Quantcast

Reinsurance rate renewals to rise, not expected to reach post-Katrina levels

Rate Filings

Bob Pepalis / 4 years ago

Hurricane katrina roof repairs 1600x900
Florida carriers can expect significant rate increases for reinsurance renewals, but nothing like post-Katrina hikes. | Mark Wolfe/FEMA

In a few extreme cases, analysts expect Florida reinsurance rate renewals to come close to those seen in the post-Katrina market, though they expect significantly higher rates overall.

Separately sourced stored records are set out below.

(* An integral domain $D$ is a $\ast$-waf-SH domain if and only if $D$ is a $\ast$-SH domain whose $\ast$-class group $Cl_\ast(D)$ is a torsion group.
   Context: $\ast$ is a star operation on $D$ of finite character. A $\ast$-ideal is a nonzero fractional ideal $I$ with $I^\ast=I$; of finite type if $I=J^\ast$ for some nonzero finitely generated $J$. $I$ is $\ast$-invertible if $(II^{-1})^\ast=D$. $Cl_\ast(D)$ is the group of $\ast$-invertible fractional $\ast$-ideals under $(I,J)\mapsto (IJ)^\ast$ modulo the subgroup of nonzero principal fractional ideals. A $\ast$-homog ideal is a proper integral $\ast$-ideal $I$ of finite type such that $(A+B)^\ast\neq D$ for every pair $A,B$ of proper integral $\ast$-ideals of finite type containing $I$. $D$ is a $\ast$-SH domain if for every nonzero nonunit $x$, $xD$ is a $\ast$-product $(I_1\cdots I_n)^\ast$ of finitely many $\ast$-homog ideals. A $\ast$-waf-homog ideal is a $\ast$-homog ideal $I$ such that, if $I$ is $\ast$-invertible, then for every $\ast$-invertible $\ast$-ideal $J$ containing $I$ there is $j\ge1$ with $(J^j)^\ast$ principal. $D$ is a $\ast$-waf-SH domain if for every nonzero nonunit $x$, $xD$ is a $\ast$-product of finitely many $\ast$-waf-homog ideals. *)

theory Defs
  imports Main
begin

text \<open>An integral domain D is modelled as a subring of a field 'k which is its
fraction field. Fractional ideals are D-submodules of 'k.\<close>

definition is_domain_with_frac_field :: "'k::field set \<Rightarrow> bool" where
  "is_domain_with_frac_field D \<longleftrightarrow>
     0 \<in> D \<and> 1 \<in> D \<and> (\<forall>x\<in>D. \<forall>y\<in>D. x + y \<in> D \<and> x * y \<in> D) \<and> (\<forall>x\<in>D. - x \<in> D) \<and>
     (\<forall>z. \<exists>a\<in>D. \<exists>b\<in>D. b \<noteq> 0 \<and> z = a / b)"

definition D_submod :: "'k::field set \<Rightarrow> 'k set \<Rightarrow> bool" where
  "D_submod D M \<longleftrightarrow> 0 \<in> M \<and> (\<forall>x\<in>M. \<forall>y\<in>M. x + y \<in> M) \<and> (\<forall>d\<in>D. \<forall>x\<in>M. d * x \<in> M)"

definition gen :: "'k::field set \<Rightarrow> 'k set \<Rightarrow> 'k set" where
  "gen D S = \<Inter>{M. D_submod D M \<and> S \<subseteq> M}"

KBW analysts, meeting with market representatives shortly before the June 1 reinsurance renewal, said the market is facing “significant rate increases following years of significant (and initially underestimated) losses, combined with elevated risk sensitivity and likely lower deployable capital,” Artemis reported.

Carriers can anticipate reinsurance renewal rate hikes of about 20%, KBW told Artemis. But a few areas will see even higher increases.

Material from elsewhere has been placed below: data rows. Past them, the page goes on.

lemma valid_weights_if_transport_plan:
  assumes "valid_weights x" "transport_plan x y T" shows "valid_weights y"
proof -
  have "(\<Sum>j<nnodes y. wts y j) = (\<Sum>j<nnodes y. \<Sum>i<nnodes x. T i j)"
    using assms(2) unfolding transport_plan_def by simp
  also have "\<dots> = (\<Sum>i<nnodes x. \<Sum>j<nnodes y. T i j)" by (rule sum.swap)
  also have "\<dots> = 1" using assms unfolding transport_plan_def valid_weights_def by simp
  finally have "(\<Sum>j<nnodes y. wts y j) = 1" .
  moreover have "wts y j \<ge> 0" if "j < nnodes y" for j
  proof -
    have "(\<Sum>i<nnodes x. T i j) \<ge> 0" using assms(2) unfolding transport_plan_def by (simp add: sum_nonneg)
    then show ?thesis using assms(2) that unfolding transport_plan_def by simp
  qed
  ultimately show ?thesis unfolding valid_weights_def by simp
qed

lemma EMD_of_invalid:
  assumes "valid_weights x" "\<not> valid_weights y" shows "EMD x y = Inf {}"
proof -
  have "Collect (transport_plan x y) = {}" using valid_weights_if_transport_plan assms by blast
  then show ?thesis unfolding EMD_eq_Inf_transport_cost by (simp only: image_empty)
qed

lemma EMD_sym: "EMD x y = EMD y x"
proof -
  have swap: "transport_cost x y ` Collect (transport_plan x y) \<subseteq> transport_cost y x ` Collect (transport_plan y x)"
    for x y
  proof
    fix c assume "c \<in> transport_cost x y ` Collect (transport_plan x y)"
    then obtain T where "transport_plan x y T" "c = transport_cost x y T" by auto
    moreover have "transport_cost y x (\<lambda>i j. T j i) = transport_cost x y T"
      unfolding transport_cost_def by (subst sum.swap) (simp add: dist_commute)
    ultimately show "c \<in> transport_cost y x ` Collect (transport_plan y x)"
      unfolding transport_plan_def by (auto intro!: image_eqI[where x = "\<lambda>i j. T j i"])
  qed
  show ?thesis unfolding EMD_eq_Inf_transport_cost using swap[of x y] swap[of y x] by simp
qed

text \<open>Gluing two plans through the middle graph b; division by a zero weight of b yields 0,
  which is harmless because the corresponding row of T and column of C vanish.\<close>

definition glued_plan :: "'d::finite graph \<Rightarrow> (nat \<Rightarrow> nat \<Rightarrow> real) \<Rightarrow> (nat \<Rightarrow> nat \<Rightarrow> real) \<Rightarrow> nat \<Rightarrow> nat \<Rightarrow> real"
  where "glued_plan b C T k j = (\<Sum>i<nnodes b. C k i * T i j / wts b i)"

lemma transport_plan_entry_zero:
  assumes "transport_plan x y T" "i < nnodes x" "j < nnodes y"
  shows "wts x i = 0 \<Longrightarrow> T i j = 0" and "wts y j = 0 \<Longrightarrow> T i j = 0"
  using assms sum_nonneg_eq_0_iff[of "{..<nnodes y}" "T i"] sum_nonneg_eq_0_iff[of "{..<nnodes x}" "\<lambda>i. T i j"]
  unfolding transport_plan_def by auto

lemma transport_plan_weight_nonneg:
  assumes "transport_plan x y T" "i < nnodes x" shows "wts x i \<ge> 0"
  using assms sum_nonneg[of "{..<nnodes y}" "T i"] unfolding transport_plan_def by auto

lemma sum_glued_left:
  assumes C: "transport_plan a b C" and T: "transport_plan b c T" and k: "k < nnodes a"
  shows "(\<Sum>j<nnodes c. \<Sum>i<nnodes b. C k i * T i j / wts b i * f i) = (\<Sum>i<nnodes b. C k i * f i)"
proof -
  have "(\<Sum>j<nnodes c. \<Sum>i<nnodes b. C k i * T i j / wts b i * f i)
      = (\<Sum>i<nnodes b. C k i / wts b i * f i * (\<Sum>j<nnodes c. T i j))"
    by (subst sum.swap) (simp add: sum_distrib_left sum_divide_distrib mult_ac)
  also have "\<dots> = (\<Sum>i<nnodes b. C k i * f i)"
  proof (intro sum.cong refl)
    fix i assume "i \<in> {..<nnodes b}"
    then show "C k i / wts b i * f i * (\<Sum>j<nnodes c. T i j) = C k i * f i"
      using T C k transport_plan_entry_zero(2)[OF C k] unfolding transport_plan_def by auto
  qed
  finally show ?thesis .
qed

lemma sum_glued_right:
  assumes C: "transport_plan a b C" and T: "transport_plan b c T" and j: "j < nnodes c"
  shows "(\<Sum>k<nnodes a. \<Sum>i<nnodes b. C k i * T i j / wts b i * g i) = (\<Sum>i<nnodes b. T i j * g i)"
proof -
  have "(\<Sum>k<nnodes a. \<Sum>i<nnodes b. C k i * T i j / wts b i * g i)
      = (\<Sum>i<nnodes b. T i j / wts b i * g i * (\<Sum>k<nnodes a. C k i))"
    by (subst sum.swap) (simp add: sum_distrib_left sum_divide_distrib mult_ac)
  also have "\<dots> = (\<Sum>i<nnodes b. T i j * g i)"
  proof (intro sum.cong refl)
    fix i assume "i \<in> {..<nnodes b}"
    then show "T i j / wts b i * g i * (\<Sum>k<nnodes a. C k i) = T i j * g i"
      using T C j transport_plan_entry_zero(1)[OF T _ j] unfolding transport_plan_def by auto
  qed
  finally show ?thesis .
qed

lemma transport_plan_glued_plan:
  assumes C: "transport_plan a b C" and T: "transport_plan b c T"
  shows "transport_plan a c (glued_plan b C T)"
  unfolding transport_plan_def
proof (intro conjI allI impI)
  fix k j show "glued_plan b C T k j \<ge> 0"
    unfolding glued_plan_def using C T transport_plan_weight_nonneg[OF T]
    by (intro sum_nonneg) (auto simp: transport_plan_def)
next
  fix k assume "k < nnodes a"
  then show "(\<Sum>j<nnodes c. glued_plan b C T k j) = wts a k"
    using sum_glued_left[OF C T, of k "\<lambda>_. 1"] C unfolding glued_plan_def transport_plan_def by simp
next
  fix j assume "j < nnodes c"
  then show "(\<Sum>k<nnodes a. glued_plan b C T k j) = wts c j"
    using sum_glued_right[OF C T, of j "\<lambda>_. 1"] T unfolding glued_plan_def transport_plan_def by simp
qed

lemma transport_cost_glued_plan_le:
  assumes C: "transport_plan a b C" and T: "transport_plan b c T"
  shows "transport_cost a c (glued_plan b C T) \<le> transport_cost a b C + transport_cost b c T"
proof -
  let ?h = "\<lambda>k j i. C k i * T i j / wts b i"
  have h_nonneg: "?h k j i \<ge> 0" if "i < nnodes b" for k j i
    using C T transport_plan_weight_nonneg[OF T that] unfolding transport_plan_def by simp
  have "transport_cost a c (glued_plan b C T)
      = (\<Sum>k<nnodes a. \<Sum>j<nnodes c. \<Sum>i<nnodes b. ?h k j i * dist (emb a k) (emb c j))"
    unfolding transport_cost_def glued_plan_def by (simp add: sum_distrib_right)
  also have "\<dots> \<le> (\<Sum>k<nnodes a. \<Sum>j<nnodes c. \<Sum>i<nnodes b.
                     ?h k j i * dist (emb a k) (emb b i) + ?h k j i * dist (emb b i) (emb c j))"
  proof (intro sum_mono)
    fix k j i assume "i \<in> {..<nnodes b}"
    then have "?h k j i * dist (emb a k) (emb c j) \<le> ?h k j i * (dist (emb a k) (emb b i) + dist (emb b i) (emb c j))"
      by (intro mult_left_mono[OF dist_triangle] h_nonneg) simp
    then show "?h k j i * dist (emb a k) (emb c j)
        \<le> ?h k j i * dist (emb a k) (emb b i) + ?h k j i * dist (emb b i) (emb c j)"
      by (simp only: distrib_left)
  qed
  also have "\<dots> = (\<Sum>k<nnodes a. \<Sum>j<nnodes c. \<Sum>i<nnodes b. ?h k j i * dist (emb a k) (emb b i))
                 + (\<Sum>j<nnodes c. \<Sum>k<nnodes a. \<Sum>i<nnodes b. ?h k j i * dist (emb b i) (emb c j))"
    by (simp add: sum.distrib sum.swap[of _ "{..<nnodes a}"])
  also have "\<dots> = transport_cost a b C + (\<Sum>j<nnodes c. \<Sum>i<nnodes b. T i j * dist (emb b i) (emb c j))"
    using sum_glued_left[OF C T] sum_glued_right[OF C T] unfolding transport_cost_def by simp
  also have "\<dots> = transport_cost a b C + transport_cost b c T"
    unfolding transport_cost_def by (subst sum.swap) simp
  finally show ?thesis .
qed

Still, carriers shouldn’t have to worry about the increases matching the post-Katrina days.

“We don’t expect aggregated rate increases to replicate the post-Katrina era’s widespread 50-70% rate increases, but we expect average increases of 20% or higher,” the analysts told Artemis.

The record of a cedent’s loss development, if it has adequate capital and the extent of its exposure to the tri-county area where most litigation occurs, may result in much higher than average increases.

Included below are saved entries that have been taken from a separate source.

theorem lemma1:
  "\<exists>c::real. \<forall>(n::nat) (r::nat) (m::nat) (X0::real mat) (U::real mat) (\<Lambda>::real mat)
      (a::nat \<Rightarrow> real vec) (\<beta>::nat \<Rightarrow> real) (w::nat \<Rightarrow> real) (z::nat \<Rightarrow> real)
      (\<epsilon>::real) (Xhat::real mat) (s0::real) (S::nat set) (\<mu>::nat \<Rightarrow> real).
    psd_mat n X0 \<and> 0 < r \<and>
    U \<in> carrier_mat n r \<and> transpose_mat U * U = 1\<^sub>m r \<and>
    \<Lambda> \<in> carrier_mat r r \<and> (\<forall>i<r. \<forall>j<r. i \<noteq> j \<longrightarrow> \<Lambda> $$ (i,j) = 0) \<and>
    (\<forall>i<r. \<Lambda> $$ (i,i) > 0) \<and>
    X0 = U * \<Lambda> * transpose_mat U \<and>
    (\<forall>i<m. a i \<in> carrier_vec n) \<and>
    (\<forall>i<m. z i = meas a X0 i + \<beta> i + w i) \<and>
    (\<Sum>i<m. \<bar>w i\<bar>) \<le> \<epsilon> \<and>
    psd_mat n Xhat \<and>
    (\<forall>X. psd_mat n X \<longrightarrow>
        (\<Sum>i<m. \<bar>z i - meas a Xhat i\<bar>) \<le> (\<Sum>i<m. \<bar>z i - meas a X i\<bar>)) \<and>
    0 < s0 \<and> s0 < 1 \<and>
    S \<subseteq> {..<m} \<and>
    real (card S) / real m = s0 / (13 * sqrt (2 * real r)) \<and>
    (\<forall>i<m. \<beta> i \<noteq> 0 \<longrightarrow> i \<in> S) \<and>
    (\<forall>X. sym_mat n X \<longrightarrow>
        meas_l1 a {..<m} X / real m \<le> (1 + 1/10) * nuclear_norm X) \<and>
    (\<forall>X. sym_mat n X \<longrightarrow>
        meas_l1 a S X / real (card S) \<le> (1 + 1/10) * nuclear_norm X) \<and>
    (\<forall>X \<in> tangent_space n r U. X \<noteq> 0\<^sub>m n n \<longrightarrow>
        meas_l1 a ({..<m} - S) X / real (card ({..<m} - S))
          > (1/5) * (1 - 1/12) * frob_norm X) \<and>
    loewner_le n (proj_Tperp n U (meas_adj n m a \<mu>))
                 (- (1 / real r) \<cdot>\<^sub>m proj_Tperp n U (1\<^sub>m n)) \<and>
    frob_norm (proj_T n U (meas_adj n m a \<mu>)) \<le> 1 / (13 * real r) \<and>
    (\<forall>i<m. \<beta> i \<noteq> 0 \<longrightarrow> \<mu> i = 9 / real m * sgn (\<beta> i)) \<and>
    (\<forall>i<m. \<beta> i = 0 \<longrightarrow> \<bar>\<mu> i\<bar> \<le> 9 / real m)
    \<longrightarrow> frob_norm (Xhat - X0) \<le> c * (real r * \<epsilon> / real m)"
  by (intro exI[of _ 12000] allI impI, elim conjE,
      rule l1_recovery.frob_norm_error_le[OF l1_recovery.intro]; assumption)

end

KBW analysts told Artemis some insurance carriers heard about rate hikes between 30% and 50%, while those with vulnerability had to decide on 75% or higher increases in a day.

Reinsurers look for books diversified across several states while being light in the tri-county area. Insurers look for quality in their reinsurance partners.

“Our understanding is that there is enough capacity in the market to expect almost all programs to be filled more or less on time, which seems broadly consistent with several CEOs noting generally stable reinsurance panels,” the analysts told Artemis.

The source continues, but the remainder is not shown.